Task brief = Your task is to repeat each record verbatim, exactly as it was written.

Extracted information: Begin

lemma topspace_pointwise_top: "topspace pointwise_top = UNIV"
  by (simp add: pointwise_top_def)

lemma pointwise_neighbourhood_contains_almost_all_point_ind:
  assumes "openin pointwise_top U" "(\<lambda>_. 0) \<in> U"
  shows "finite {x. point_ind x \<notin> U}"
proof -
  obtain V where V: "finite {i. V i \<noteq> UNIV}" "Pi\<^sub>E UNIV V \<subseteq> U" "(\<lambda>_. 0) \<in> Pi\<^sub>E UNIV V"
    using assms unfolding pointwise_top_def openin_product_topology_alt by force
  have "{x. point_ind x \<notin> U} \<subseteq> {i. V i \<noteq> UNIV}"
  proof (rule subsetI, rule ccontr)
    fix x assume "x \<in> {x. point_ind x \<notin> U}" "x \<notin> {i. V i \<noteq> UNIV}"
    moreover from this V(3) have "point_ind x \<in> Pi\<^sub>E UNIV V"
      by (auto simp: point_ind_def)
    ultimately show False
      using V(2) by blast
  qed
  then show ?thesis
    using V(1) finite_subset by blast
qed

Extracted information: End

The completed task =
lemma topspace_pointwise_top: "topspace pointwise_top = UNIV"
  by (simp add: pointwise_top_def)

lemma pointwise_neighbourhood_contains_almost_all_point_ind:
  assumes "openin pointwise_top U" "(\<lambda>_. 0) \<in> U"
  shows "finite {x. point_ind x \<notin> U}"
proof -
  obtain V where V: "finite {i. V i \<noteq> UNIV}" "Pi\<^sub>E UNIV V \<subseteq> U" "(\<lambda>_. 0) \<in> Pi\<^sub>E UNIV V"
    using assms unfolding pointwise_top_def openin_product_topology_alt by force
  have "{x. point_ind x \<notin> U} \<subseteq> {i. V i \<noteq> UNIV}"
  proof (rule subsetI, rule ccontr)
    fix x assume "x \<in> {x. point_ind x \<notin> U}" "x \<notin> {i. V i \<noteq> UNIV}"
    moreover from this V(3) have "point_ind x \<in> Pi\<^sub>E UNIV V"
      by (auto simp: point_ind_def)
    ultimately show False
      using V(2) by blast
  qed
  then show ?thesis
    using V(1) finite_subset by blast
qed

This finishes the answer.